There are at least thirty stumps, mostly box elder, in a 30 by 30-foot section of this clear-cut space. It will be luscious green pasture in two years.

Grazing and browsing animals are necessary tools for savanna restoration or development. 
We are fortunate to have several species of grazing/browsing animals on our farm. Each species is a different tool to use in pasture and soil restoration. I believe bison have some advantages in restoration work but properly managed cattle can do a perfectly adequate job.

I use bale rings for cattle. Without rings, cattle tend to lie on the hay. Once they do that they will not eat from that pile. I move the bale rings each time I refill them. That prevents the development of thick manure-hay mats. Thick mats can smother the grass for a year or two. 
On the other hand, thick mats seem to be great organism incubators. Microorganisms, worms and insects spread outward from mats for years.

This photo shows some of our sheep in their winter pasture.
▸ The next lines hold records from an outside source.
(* Let $\gamma$ be a $\tau$-admissible Borel probability measure on $M$. If $p_n\to p$ in $\overline{X}^S_\tau$, then $\hat p_n\to\hat p$ $\gamma$-almost everywhere on $M$.
   Context: $G$ connected complex semisimple Lie group, $K$ maximal compact, $X=G/K$; $\tau:G\to\mathrm{SL}(V)$ irreducible with finite kernel, $\langle\cdot,\cdot\rangle$ a $K$-invariant Hermitian product; $M\subset\mathbb P(V)$ the unique closed $G$-orbit. $\overline{X}^S_\tau$ is the closure in $\mathbb P(\mathcal H(V))$ ($\mathcal H(V)$ self-adjoint endomorphisms) of $\{[\tau(g)\tau(g)^*]:g\in G\}$; each point is $[A]$ with $A\ge0$. For $p=[A]$, $\hat p:M\dashrightarrow M$, $\hat p([v])=[\sqrt A\,v]$ for $[v]\notin\mathbb P(\ker A)$. $\gamma$ is $\tau$-admissible if $\gamma(H\cap M)=0$ for every hyperplane $H\subset\mathbb P(V)$. *)

theory Defs
  imports "HOL-Probability.Probability_Measure" "HOL-Algebra.Group"
begin

text \<open>V = complex^'n with the standard Hermitian product (playing the role of the
K-invariant product); endomorphisms are complex^'n^'n.\<close>

type_synonym 'n cmat = "complex^'n^'n"

definition cinner :: "complex^('n::finite) \<Rightarrow> complex^'n \<Rightarrow> complex" where
  "cinner x y = (\<Sum>i\<in>UNIV. cnj (x$i) * y$i)"

definition adjoint_c :: "('n::finite) cmat \<Rightarrow> 'n cmat" where
  "adjoint_c A = (\<chi> i j. cnj (A$j$i))"

definition psd :: "('n::finite) cmat \<Rightarrow> bool" where
  "psd A \<longleftrightarrow> adjoint_c A = A \<and>
     (\<forall>x. Im (cinner x (A *v x)) = 0 \<and> Re (cinner x (A *v x)) \<ge> 0)"

definition psd_sqrt :: "('n::finite) cmat \<Rightarrow> 'n cmat" where
  "psd_sqrt A = (THE B. psd B \<and> B ** B = A)"

text \<open>Point [v] of P(V), represented (homeomorphically) by the orthogonal projection onto the line.\<close>
definition lineP :: "complex^('n::finite) \<Rightarrow> 'n cmat" where
  "lineP v = (1 / (\<Sum>i\<in>UNIV. (cmod (v$i))\<^sup>2)) *\<^sub>R (\<chi> i j. v$i * cnj (v$j))"

text \<open>Point [A] of P(H(V)) for nonzero A \<ge> 0, represented by A / tr A.\<close>
definition normP :: "('n::finite) cmat \<Rightarrow> 'n cmat" where
  "normP A = (1 / Re (trace A)) *\<^sub>R A"

definition satake :: "('g, 'b) monoid_scheme \<Rightarrow> ('g \<Rightarrow> ('n::finite) cmat) \<Rightarrow> 'n cmat set" where
  "satake G \<tau> = closure {normP (\<tau> g ** adjoint_c (\<tau> g)) | g. g \<in> carrier G}"

text \<open>For p=[A], hat p [v] = [sqrt A v]; in the projection model
  [sqrt A v] = S P S / tr(S P S) with S = sqrt A, P = lineP v. It is defined iff tr(S P S) \<noteq> 0,
  i.e. iff v \<notin> ker A.\<close>
definition hat_dom :: "('n::finite) cmat \<Rightarrow> 'n cmat \<Rightarrow> bool" where
  "hat_dom A P \<longleftrightarrow> trace (psd_sqrt A ** P ** psd_sqrt A) \<noteq> 0"

definition hat :: "('n::finite) cmat \<Rightarrow> 'n cmat \<Rightarrow> 'n cmat" where
  "hat A P = normP (psd_sqrt A ** P ** psd_sqrt A)"

definition hyperplaneP :: "complex^('n::finite) \<Rightarrow> 'n cmat set" where
  "hyperplaneP w = {lineP v | v. v \<noteq> 0 \<and> cinner w v = 0}"

definition admissible :: "('n::finite) cmat measure \<Rightarrow> 'n cmat set \<Rightarrow> bool" where
  "admissible \<gamma> M \<longleftrightarrow> (\<forall>w. w \<noteq> 0 \<longrightarrow> emeasure \<gamma> (hyperplaneP w \<inter> M) = 0)"

definition csubspace :: "(complex^('n::finite)) set \<Rightarrow> bool" where
  "csubspace S \<longleftrightarrow> 0 \<in> S \<and> (\<forall>x\<in>S. \<forall>y\<in>S. x + y \<in> S) \<and> (\<forall>c. \<forall>x\<in>S. (\<chi> i. c * x$i) \<in> S)"

definition irreducible_rep :: "('g, 'b) monoid_scheme \<Rightarrow> ('g \<Rightarrow> ('n::finite) cmat) \<Rightarrow> bool" where
  "irreducible_rep G \<tau> \<longleftrightarrow> (\<forall>S. csubspace S \<and> (\<forall>g\<in>carrier G. \<forall>x\<in>S. \<tau> g *v x \<in> S)
      \<longrightarrow> S = {0} \<or> S = UNIV)"

definition orbitP :: "('g, 'b) monoid_scheme \<Rightarrow> ('g \<Rightarrow> ('n::finite) cmat) \<Rightarrow> complex^'n \<Rightarrow> 'n cmat set" where
  "orbitP G \<tau> v = {lineP (\<tau> g *v v) | g. g \<in> carrier G}"

end

theory Submission
  imports Defs
begin

(* A point q of the Satake compactification is a positive semidefinite (psd) matrix
   of trace 1.  The map hat p [v] = [sqrt p v] is defined at [v] exactly when sqrt p v \<noteq> 0,
   i.e. when p v \<noteq> 0, and there it depends continuously on p, because the psd square root is
   a continuous function on psd matrices.  Since q \<noteq> 0 it has a nonzero column w = q e_j, and
   every v with q v = 0 satisfies <w, v> = (q v)_j = 0, so the bad set of lines lies in the
   hyperplane of w, which is gamma-null by admissibility. *)

section \<open>Entrywise matrix algebra\<close>

lemma matrix_mult_nth: "((A::'a::semiring_1^'n::finite^'m) ** B) $ i $ j = (\<Sum>k\<in>UNIV. A$i$k * B$k$j)"
  by (simp add: matrix_matrix_mult_def)

lemma matrix_vector_mult_nth: "((A::'a::semiring_1^'n::finite^'m) *v x) $ i = (\<Sum>k\<in>UNIV. A$i$k * x$k)"
  by (simp add: matrix_vector_mult_def)

lemma matrix_add_rdistrib: "((A::'a::semiring_1^'n::finite^'m) + B) ** C = A ** C + B ** C"
  by (simp add: vec_eq_iff matrix_mult_nth distrib_right sum.distrib)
They have debarked a small elm seedling. Brush clearing is something that sheep and goats are very good at, winter or summer. We use the sheep to de-brush smaller areas of the farm. That is particularly convenient using moveable, electrified, mesh fencing. Sheep can be a very useful tool, but left too long. Overgrazing by sheep can damage savannas and pastures. They can both kill too many woody plants. Sheep graze very short. Left too long in a rotation, they can kill grasses and legumes.

Since I am on the topic of grazing animals, I will mention horses. Horses are not a good tool for pasture or savanna restoration. Fundamentally, that is a result of their small stomachs and natural need to run from danger. Horses are relatively fussy eaters. We keep a herd of ten horses. I rotate the cattle and sheep through the horse pastures to manage those pastures correctly.

Pasture improvement is relatively easy. Savanna restoration is a lot of work. It might be less costly to buy additional land than to restore what we have. But that is not the point. We should improve the land we care for.

I intend to write an update next year.